Mon, Nov 17, 2008 - Page 9 News List

Hoaxers seize center stage in campaign stings

One of the more quoted policy advisers to Senator John McCain turns out to have been an elaborate, months-long con game

By Richard Perez-pena  /  STAFF REPORTER

It was among the juicier post-election recriminations: Fox News Channel quoted an unnamed figure from Senator John McCain’s campaign as saying that Alaska Governor Sarah Palin did not know that Africa was a continent.

Who would say such a thing? On Monday the answer popped up on a blog and popped out of the mouth of David Shuster, an MSNBC anchor.

“Turns out it was Martin Eisenstadt, a McCain policy adviser, who has come forward today to identify himself as the source of the leaks,” Shuster said.

Trouble is, Martin Eisenstadt doesn’t exist. His blog does, but it’s a put-on. The think tank where he is a senior fellow — the Harding Institute for Freedom and Democracy — is just a Web site. The TV clips of him on YouTube are fakes.

And the claim of credit for the Africa anecdote is just the latest ruse by Eisenstadt, who turns out to be a very elaborate hoax that has been going on for months. MSNBC, which quickly corrected the mistake, has plenty of company in being taken in by an Eisenstadt hoax, including The New Republic and the Los Angeles Times.

Now a pair of obscure filmmakers say they created Martin Eisenstadt to help them pitch a TV show based on the character. But under the circumstances, why should anyone believe a word they say?

“That’s a really good question,” one of the two, Eitan Gorlin, said with a laugh.

(For what it’s worth, another reporter for the New York Times is an acquaintance of Gorlin and vouches for his identity, and Gorlin is indeed “Mr Eisenstadt” in those videos. He and his partner in deception, Dan Mirvish, have entries on the Internet Movie Database, imdb.com. But still ...)

They say the blame lies not with them but with shoddiness in the traditional news media and especially the blogosphere.

“With the 24-hour news cycle they rush into anything they can find,” said Mirvish, 40.

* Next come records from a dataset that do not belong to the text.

(* Let $(X,d)$ be a metric space with a distinguished point $o$, $p>0$, $\mathcal{F}$ a $p$-admissible sheaf of metrics on $X$, and $\rho_+:\mathbf{R}_+\to\mathbf{R}_+$ an increasing unbounded function. Let $\mathcal{A}$ be the set of finite subsets of $X$ containing $o$. Assume there is a function $T:\mathbf{R}_+\to\mathbf{R}_+$ such that for every $U\in\mathcal{A}$ and every $K>0$ there exists $\sigma\in\mathcal{F}(U)$ with $\sigma(x,y)\le\rho_+(d(x,y))$ for all $x,y\in U$ and $\sigma(x,y)\ge K$ for all $(x,y)\in\Delta_{T(K)}(U)$. Then $\mathcal{F}(X)$ contains a coarse metric.
   Context: A (pseudo-)metric on a set $\Omega$ is a function $\sigma:\Omega^2\to\mathbf{R}_+$ with $\sigma(x,y)=\sigma(y,x)$, $\sigma(x,y)\le\sigma(x,z)+\sigma(z,y)$, $\sigma(x,x)=0$. A sheaf of metrics $\mathcal{F}$ on a set $X$ assigns to each $\Omega\subseteq X$ a set $\mathcal{F}(\Omega)$ of metrics on $\Omega$, such that the restriction of any element of $\mathcal{F}(\Omega)$ to $\Omega'\subseteq\Omega$ belongs to $\mathcal{F}(\Omega')$. For $p>0$, $\mathcal{F}$ is $p$-admissible if for every $\Omega\subseteq X$: (i) $\{\sigma^p:\sigma\in\mathcal{F}(\Omega)\}$ is a convex cone of functions on $\Omega^2$ (for $\sigma_1,\sigma_2\in\mathcal{F}(\Omega)$ and $s,t\ge0$ there is $\sigma\in\mathcal{F}(\Omega)$ with $\sigma^p=s\sigma_1^p+t\sigma_2^p$); (ii) $\mathcal{F}(\Omega)$ is closed under pointwise convergence; (iii) for every family $(U_i)$ of finite subsets of $\Omega$ with union $\Omega$, directed under inclusion, and every family $\sigma_i\in\mathcal{F}(U_i)$ with $\sigma_i=\sigma_j$ on $U_i\cap U_j$, there is $\sigma\in\mathcal{F}(\Omega)$ restricting to $\sigma_i$ on each $U_i$. A metric $\sigma$ on $X$ is coarse if there exist increasing unbounded $\rho_-,\rho_+':\mathbf{R}_+\to\mathbf{R}_+$ with $\rho_-(d(x,y))\le\sigma(x,y)\le\rho_+'(d(x,y))$ for all $x,y$. $\Delta_r(U)=\{(x,y)\in U^2:d(x,y)\ge r\}$. *)

theory Defs
  imports "HOL-Analysis.Analysis"
begin

text \<open>Metrics on a subset \<open>\<Omega>\<close> are represented by functions on the whole type;
  only their values on \<open>\<Omega> \<times> \<Omega>\<close> matter.\<close>

definition pmetric_on :: "'a set \<Rightarrow> ('a \<Rightarrow> 'a \<Rightarrow> real) \<Rightarrow> bool" where
  "pmetric_on \<Omega> \<sigma> \<longleftrightarrow>
     (\<forall>x\<in>\<Omega>. \<forall>y\<in>\<Omega>. 0 \<le> \<sigma> x y) \<and>
     (\<forall>x\<in>\<Omega>. \<forall>y\<in>\<Omega>. \<sigma> x y = \<sigma> y x) \<and>
     (\<forall>x\<in>\<Omega>. \<forall>y\<in>\<Omega>. \<forall>z\<in>\<Omega>. \<sigma> x y \<le> \<sigma> x z + \<sigma> z y) \<and>
     (\<forall>x\<in>\<Omega>. \<sigma> x x = 0)"

definition in_sheaf :: "('a set \<Rightarrow> ('a \<Rightarrow> 'a \<Rightarrow> real) set) \<Rightarrow> 'a set \<Rightarrow> ('a \<Rightarrow> 'a \<Rightarrow> real) \<Rightarrow> bool" where
  "in_sheaf F \<Omega> \<sigma> \<longleftrightarrow> (\<exists>\<tau>\<in>F \<Omega>. \<forall>x\<in>\<Omega>. \<forall>y\<in>\<Omega>. \<tau> x y = \<sigma> x y)"

definition sheaf_of_metrics :: "'a set \<Rightarrow> ('a set \<Rightarrow> ('a \<Rightarrow> 'a \<Rightarrow> real) set) \<Rightarrow> bool" where
  "sheaf_of_metrics X F \<longleftrightarrow>
     (\<forall>\<Omega>. \<Omega> \<subseteq> X \<longrightarrow> (\<forall>\<sigma>\<in>F \<Omega>. pmetric_on \<Omega> \<sigma>)) \<and>
     (\<forall>\<Omega> \<Omega>'. \<Omega> \<subseteq> X \<longrightarrow> \<Omega>' \<subseteq> \<Omega> \<longrightarrow> (\<forall>\<sigma>\<in>F \<Omega>. in_sheaf F \<Omega>' \<sigma>))"

definition p_admissible :: "real \<Rightarrow> 'a set \<Rightarrow> ('a set \<Rightarrow> ('a \<Rightarrow> 'a \<Rightarrow> real) set) \<Rightarrow> bool" where
  "p_admissible p X F \<longleftrightarrow> sheaf_of_metrics X F \<and>
     (\<forall>\<Omega>. \<Omega> \<subseteq> X \<longrightarrow>
       \<comment> \<open>(i) the p-th powers form a convex cone\<close>
       (\<forall>\<sigma>1\<in>F \<Omega>. \<forall>\<sigma>2\<in>F \<Omega>. \<forall>s t::real. s \<ge> 0 \<longrightarrow> t \<ge> 0 \<longrightarrow>
          (\<exists>\<sigma>\<in>F \<Omega>. \<forall>x\<in>\<Omega>. \<forall>y\<in>\<Omega>.
             \<sigma> x y powr p = s * \<sigma>1 x y powr p + t * \<sigma>2 x y powr p)) \<and>
       \<comment> \<open>(ii) closed under pointwise convergence\<close>
       (\<forall>(S :: nat \<Rightarrow> 'a \<Rightarrow> 'a \<Rightarrow> real) \<sigma>. (\<forall>n. S n \<in> F \<Omega>) \<longrightarrow>
          (\<forall>x\<in>\<Omega>. \<forall>y\<in>\<Omega>. (\<lambda>n. S n x y) \<longlonglongrightarrow> \<sigma> x y) \<longrightarrow> in_sheaf F \<Omega> \<sigma>) \<and>
       \<comment> \<open>(iii) gluing along directed families of finite subsets\<close>
       (\<forall>(\<U> :: 'a set set) (S :: 'a set \<Rightarrow> 'a \<Rightarrow> 'a \<Rightarrow> real).
          \<U> \<noteq> {} \<longrightarrow> (\<forall>U\<in>\<U>. finite U) \<longrightarrow> \<Union>\<U> = \<Omega> \<longrightarrow>
          (\<forall>U\<in>\<U>. \<forall>V\<in>\<U>. \<exists>W\<in>\<U>. U \<union> V \<subseteq> W) \<longrightarrow>
          (\<forall>U\<in>\<U>. S U \<in> F U) \<longrightarrow>
          (\<forall>U\<in>\<U>. \<forall>V\<in>\<U>. \<forall>x\<in>U \<inter> V. \<forall>y\<in>U \<inter> V. S U x y = S V x y) \<longrightarrow>
          (\<exists>\<sigma>\<in>F \<Omega>. \<forall>U\<in>\<U>. \<forall>x\<in>U. \<forall>y\<in>U. \<sigma> x y = S U x y)))"

definition incr_unbounded :: "(real \<Rightarrow> real) \<Rightarrow> bool" where
  "incr_unbounded f \<longleftrightarrow> mono_on {0..} f \<and> (\<forall>t\<ge>0. 0 \<le> f t) \<and> (\<forall>M. \<exists>t\<ge>0. M < f t)"

definition coarse_metric :: "'a set \<Rightarrow> ('a \<Rightarrow> 'a \<Rightarrow> real) \<Rightarrow> ('a \<Rightarrow> 'a \<Rightarrow> real) \<Rightarrow> bool" where
  "coarse_metric X d \<sigma> \<longleftrightarrow>
     (\<exists>\<rho>m \<rho>p. incr_unbounded \<rho>m \<and> incr_unbounded \<rho>p \<and>
        (\<forall>x\<in>X. \<forall>y\<in>X. \<rho>m (d x y) \<le> \<sigma> x y \<and> \<sigma> x y \<le> \<rho>p (d x y)))"

end

theory Submission
  imports Defs
begin

(*
  The proof has a finite and an infinite stage.

  Finite stage.  Fix the thresholds K_n = 2^((n+1)/p).  On a finite set U the hypothesis
  provides metrics sigma_n in F(U) bounded above by rho_+(d) and at least K_n on pairs at
  distance >= T(K_n).  By the cone axiom (i) the metric phi with
  phi^p = sum_{n<=N} 2^-(n+1) sigma_n^p lies in F(U).  It is still bounded by rho_+(d), and
  on a pair at distance t every index n <= t with T(K_n) <= t contributes at least 1 to
  phi^p.  Hence rho_-(t) = (number of such indices)^(1/p), an increasing unbounded
  function not depending on U, satisfies rho_-(d) <= phi <= rho_+(d) on U.

  Infinite stage (local-to-global).  Two-sided bounds realised by members of F(U) for
  every finite U are realised by a member of F(X): the candidates are points of a
  compact (Tychonoff) product of intervals indexed by pairs, the condition "is in F(U)
  on U" is closed by the limit axiom (ii), so some function satisfies it for all finite
  U simultaneously, and it lies in F(X) by the gluing axiom (iii).
*)

lemma admissible_nonneg:
  assumes "p_admissible p X F" "U \<subseteq> X" "\<sigma> \<in> F U" "x \<in> U" "y \<in> U"
  shows "0 \<le> \<sigma> x y"
proof -
  have "pmetric_on U \<sigma>"
    using assms(1-3) unfolding p_admissible_def sheaf_of_metrics_def by blast
  then show ?thesis using assms(4,5) unfolding pmetric_on_def by blast
qed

Gorlin, 39, argued that Eisenstadt was no more of a joke than half the bloggers or political commentators on the Internet or television.

An MSNBC spokesman, Jeremy Gaines, explained the network’s misstep by saying someone in the newsroom received the Palin item in an e-mail message from a colleague and assumed it had been checked out.

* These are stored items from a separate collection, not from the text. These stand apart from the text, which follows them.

lemma poly_translate_zero_fun [simp]: "poly_translate v p (\<lambda>x. 0) = (\<lambda>x. 0)"
  by (simp add: poly_translate_def)

lemma poly_translate_pCons:
  "poly_translate v (pCons a p) g x = a * g x + poly_translate v p g (x + v)"
proof -
  have "poly_translate v (pCons a p) g x =
      (\<Sum>k\<le>Suc (degree p). coeff (pCons a p) k * g (x + real k *\<^sub>R v))"
    by (rule poly_translate_eq_sum_atMost) (rule degree_pCons_le)
  also have "\<dots> = a * g x + (\<Sum>k\<le>degree p. coeff p k * g (x + real (Suc k) *\<^sub>R v))"
    by (subst sum.atMost_Suc_shift) simp
  also have "(\<Sum>k\<le>degree p. coeff p k * g (x + real (Suc k) *\<^sub>R v)) = poly_translate v p g (x + v)"
    unfolding poly_translate_def by (intro sum.cong refl) (simp add: algebra_simps)
  finally show ?thesis .
qed

lemma poly_translate_const: "poly_translate v [:c:] g = (\<lambda>x. c * g x)"
  by (simp add: fun_eq_iff poly_translate_pCons)

lemma poly_translate_1: "poly_translate v 1 g = g"
  by (simp add: one_pCons poly_translate_const)

lemma poly_translate_add:
  "poly_translate v (p + q) g x = poly_translate v p g x + poly_translate v q g x"
proof -
  let ?n = "max (degree p) (degree q)"
  have "poly_translate v (p + q) g x = (\<Sum>k\<le>?n. coeff (p + q) k * g (x + real k *\<^sub>R v))"
    by (rule poly_translate_eq_sum_atMost) (rule degree_add_le_max)
  also have "\<dots> = poly_translate v p g x + poly_translate v q g x"
    by (simp add: poly_translate_eq_sum_atMost[of p ?n] poly_translate_eq_sum_atMost[of q ?n]
        sum.distrib algebra_simps)
  finally show ?thesis .
qed

lemma poly_translate_smult: "poly_translate v (smult c p) g x = c * poly_translate v p g x"
proof -
  have "poly_translate v (smult c p) g x =
      (\<Sum>k\<le>degree p. coeff (smult c p) k * g (x + real k *\<^sub>R v))"
    by (rule poly_translate_eq_sum_atMost) (rule degree_smult_le)
  then show ?thesis
    by (simp add: poly_translate_def sum_distrib_left mult.assoc)
qed

lemma poly_translate_sum: "poly_translate v (\<Sum>k\<in>K. p k) g x = (\<Sum>k\<in>K. poly_translate v (p k) g x)"
  by (induction K rule: infinite_finite_induct) (auto simp: poly_translate_add)

lemma poly_translate_mult: "poly_translate v (p * q) g = poly_translate v p (poly_translate v q g)"
proof (induction p rule: pCons_induct)
  case (pCons a p)
  show ?case
    by (simp add: fun_eq_iff poly_translate_add poly_translate_smult poly_translate_pCons pCons.IH)
qed (simp add: fun_eq_iff)

lemma poly_translate_lincomb:
  "poly_translate v p (\<lambda>x. \<Sum>b\<in>B. c b * b x) x = (\<Sum>b\<in>B. c b * poly_translate v p b x)"
  unfolding poly_translate_def by (simp add: sum_distrib_left sum.swap[of _ B] algebra_simps)

lemma poly_translate_eigenfunction:
  assumes "\<And>x. w (x + v) = z * w x"
  shows "poly_translate v p w x = poly p z * w x"
  by (induction p arbitrary: x rule: pCons_induct)
     (simp_all add: poly_translate_pCons assms algebra_simps)

lemma poly_translate_linear: "poly_translate v [:-c, 1:] g x = g (x + v) - c * g x"
  by (simp add: poly_translate_pCons)

lemma forward_diff_eq_poly_translate: "forward_diff v g = poly_translate v [:-1, 1:] g"
  by (simp add: fun_eq_iff forward_diff_def poly_translate_linear)

lemma poly_translate_X_power: "poly_translate v ([:0, 1:] ^ k) g x = g (x + real k *\<^sub>R v)"
  by (induction k arbitrary: x)
     (simp_all add: poly_translate_1 poly_translate_mult poly_translate_pCons algebra_simps)

lemma poly_translate_forward_diff_power:
  "poly_translate v ([:-1, 1:] ^ i) g = (forward_diff v ^^ i) g"
  by (induction i) (simp_all only: power_Suc poly_translate_1 poly_translate_mult
      forward_diff_eq_poly_translate funpow.simps o_apply id_apply power_0)

lemma forward_diff_power_zero: "(forward_diff h ^^ k) (\<lambda>x. 0) = (\<lambda>x. 0)"
  by (induction k) (auto simp: forward_diff_def)

lemma forward_diff_power_vanishes_above:
  assumes "(forward_diff h ^^ m) g = (\<lambda>x. 0)" and "m \<le> i"
  shows "(forward_diff h ^^ i) g = (\<lambda>x. 0)"
proof -
  have "(forward_diff h ^^ i) g = (forward_diff h ^^ (i - m)) ((forward_diff h ^^ m) g)"
    using assms(2) by (metis funpow_add le_add_diff_inverse2 o_apply)
  then show ?thesis using assms(1) forward_diff_power_zero by simp
qed
text \<open>
  Write \<Psi> for the inverse of \<Phi>(\<xi>, J) = J \<cdot> \<phi>(\<xi>), so that \<Xi> = snd \<circ> \<Psi> and
  \<Xi>(J0 \<cdot> g) = J0 \<cdot> (g - \<phi>(\<xi>)) for the appropriate \<xi>.
  (MC1) \<Longrightarrow> (MC2): each g = \<phi>(\<xi>) in a small star-shaped chart neighbourhood is reached by the
  path t \<mapsto> \<phi>(t \<xi>); if J0 \<cdot> g \<in> K then \<Xi> fixes it, and (MC1) gives J0 \<cdot> g = J0.
  (MC2) \<Longrightarrow> (MC1): along a path c, the points \<Xi>(J0 \<cdot> c(t)) = J0 \<cdot> h(t) lie in K for a continuous
  h : [0,\<epsilon>) \<rightarrow> G. The set where J0 \<cdot> h(t) = J0 is closed, and it is open because near such a t
  the increment -h(t0) + h(t) lies in W', where (MC2) applies. It contains 0, hence is everything.
\<close>

lemma continuous_on_act:
  assumes "continuous_on UNIV (\<lambda>p. act (fst p) (snd p))"
    and "continuous_on S a" and "continuous_on S b"
  shows "continuous_on S (\<lambda>s. act (a s) (b s))"
proof -
  have "continuous_on S ((\<lambda>p. act (fst p) (snd p)) \<circ> (\<lambda>s. (a s, b s)))"
    by (rule continuous_on_compose[OF continuous_on_Pair[OF assms(2,3)]])
       (rule continuous_on_subset[OF assms(1)], simp)
  then show ?thesis by (simp add: o_def)
qed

“It had not been vetted,” he said. “It should not have made air.”

But most of Eisenstadt’s victims have been bloggers, a reflection of the sloppy speed at which any tidbit, no matter how specious, can bounce around the Internet. And they fell for the fake material despite ample warnings online about Eisenstadt, including the work of one blogger who spent months chasing the illusion around cyberspace, trying to debunk it.

The hoax began a year ago with short videos of a parking valet character, who Gorlin and Mirvish said was the original idea for a TV series.

Soon there were videos showing him driving a car while spouting offensive, opinionated nonsense in praise of former New York mayor Rudolph Giuliani. Those videos attracted tens of thousands of Internet hits and a bit of news media attention.

When Giuliani dropped out of the presidential race, the character morphed into Eisenstadt, a parody of a blowhard cable news commentator.

Gorlin said they chose the name because “all the neocons in the Bush administration had Jewish last names and Christian first names.”

Eisenstadt became an adviser to McCain and got a blog, updated occasionally with comments claiming insider knowledge, and other bloggers began quoting and linking to it. It mixed weird-but-true items with false ones that were plausible, if just barely.